** Opening Data extract block **

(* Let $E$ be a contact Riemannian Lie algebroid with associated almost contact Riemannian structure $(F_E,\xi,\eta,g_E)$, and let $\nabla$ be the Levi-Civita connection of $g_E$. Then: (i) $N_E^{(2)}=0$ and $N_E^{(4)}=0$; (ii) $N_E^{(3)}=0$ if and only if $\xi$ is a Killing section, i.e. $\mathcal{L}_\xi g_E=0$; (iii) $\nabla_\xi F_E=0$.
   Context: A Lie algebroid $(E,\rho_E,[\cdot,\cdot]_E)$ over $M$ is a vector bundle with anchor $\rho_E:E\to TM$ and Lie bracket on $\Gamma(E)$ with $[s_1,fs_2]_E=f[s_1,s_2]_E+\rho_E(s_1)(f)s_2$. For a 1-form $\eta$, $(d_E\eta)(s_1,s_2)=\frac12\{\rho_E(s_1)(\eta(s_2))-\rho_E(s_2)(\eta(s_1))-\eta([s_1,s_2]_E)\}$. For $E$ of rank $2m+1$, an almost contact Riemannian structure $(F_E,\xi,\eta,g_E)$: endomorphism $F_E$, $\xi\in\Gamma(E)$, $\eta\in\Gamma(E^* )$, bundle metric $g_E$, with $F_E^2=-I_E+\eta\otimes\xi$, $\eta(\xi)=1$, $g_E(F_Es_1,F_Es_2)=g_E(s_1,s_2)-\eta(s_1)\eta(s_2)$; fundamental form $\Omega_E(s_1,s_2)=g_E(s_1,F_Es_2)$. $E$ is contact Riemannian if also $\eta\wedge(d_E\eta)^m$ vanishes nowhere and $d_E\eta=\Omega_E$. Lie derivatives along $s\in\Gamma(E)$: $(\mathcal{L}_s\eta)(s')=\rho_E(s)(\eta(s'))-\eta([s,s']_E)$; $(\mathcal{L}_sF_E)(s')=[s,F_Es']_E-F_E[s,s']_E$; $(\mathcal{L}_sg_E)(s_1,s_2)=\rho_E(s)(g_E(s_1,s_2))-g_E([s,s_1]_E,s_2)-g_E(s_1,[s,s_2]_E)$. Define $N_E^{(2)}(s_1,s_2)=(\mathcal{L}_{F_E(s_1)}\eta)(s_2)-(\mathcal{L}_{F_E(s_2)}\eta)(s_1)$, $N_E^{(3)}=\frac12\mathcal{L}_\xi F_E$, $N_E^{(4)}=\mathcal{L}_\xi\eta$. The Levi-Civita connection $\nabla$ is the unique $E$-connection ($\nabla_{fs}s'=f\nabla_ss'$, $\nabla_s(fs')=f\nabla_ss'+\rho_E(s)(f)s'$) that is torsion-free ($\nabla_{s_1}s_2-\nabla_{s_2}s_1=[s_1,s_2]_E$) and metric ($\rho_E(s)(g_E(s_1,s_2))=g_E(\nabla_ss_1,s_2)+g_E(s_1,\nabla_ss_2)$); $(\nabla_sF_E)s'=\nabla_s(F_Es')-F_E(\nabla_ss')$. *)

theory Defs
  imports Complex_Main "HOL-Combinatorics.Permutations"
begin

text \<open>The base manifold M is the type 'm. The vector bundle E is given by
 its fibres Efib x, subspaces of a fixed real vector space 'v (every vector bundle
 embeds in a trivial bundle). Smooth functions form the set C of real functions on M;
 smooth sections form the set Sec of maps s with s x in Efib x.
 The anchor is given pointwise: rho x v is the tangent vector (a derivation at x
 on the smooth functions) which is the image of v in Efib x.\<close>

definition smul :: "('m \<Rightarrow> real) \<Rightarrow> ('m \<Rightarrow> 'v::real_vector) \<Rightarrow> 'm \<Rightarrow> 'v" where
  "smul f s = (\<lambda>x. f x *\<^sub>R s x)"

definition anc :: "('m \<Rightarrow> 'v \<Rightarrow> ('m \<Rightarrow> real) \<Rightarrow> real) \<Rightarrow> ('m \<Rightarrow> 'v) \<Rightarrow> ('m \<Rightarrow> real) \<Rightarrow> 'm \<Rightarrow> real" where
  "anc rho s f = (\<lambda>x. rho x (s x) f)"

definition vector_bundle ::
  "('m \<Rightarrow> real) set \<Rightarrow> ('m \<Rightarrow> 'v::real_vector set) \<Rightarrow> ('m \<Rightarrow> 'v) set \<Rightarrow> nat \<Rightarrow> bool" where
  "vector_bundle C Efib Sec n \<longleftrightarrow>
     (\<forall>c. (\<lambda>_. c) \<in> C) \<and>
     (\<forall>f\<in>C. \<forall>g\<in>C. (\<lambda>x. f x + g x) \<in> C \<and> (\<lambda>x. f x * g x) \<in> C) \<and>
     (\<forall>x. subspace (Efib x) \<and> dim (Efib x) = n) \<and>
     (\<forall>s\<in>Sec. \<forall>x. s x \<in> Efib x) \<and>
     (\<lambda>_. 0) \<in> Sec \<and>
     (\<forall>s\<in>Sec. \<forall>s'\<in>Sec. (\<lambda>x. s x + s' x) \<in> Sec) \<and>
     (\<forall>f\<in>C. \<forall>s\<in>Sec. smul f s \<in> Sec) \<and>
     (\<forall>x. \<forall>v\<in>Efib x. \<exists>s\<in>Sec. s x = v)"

** Closing Data extract block **

Starting at the line above that holds "theory Defs" and ending at the line that holds "embeds in a", transcribe each line exactly and include no other lines.

theory Defs
  imports Complex_Main "HOL-Combinatorics.Permutations"
begin

text \<open>The base manifold M is the type 'm. The vector bundle E is given by
 its fibres Efib x, subspaces of a fixed real vector space 'v (every vector bundle
 embeds in a trivial bundle). Smooth functions form the set C of real functions on M;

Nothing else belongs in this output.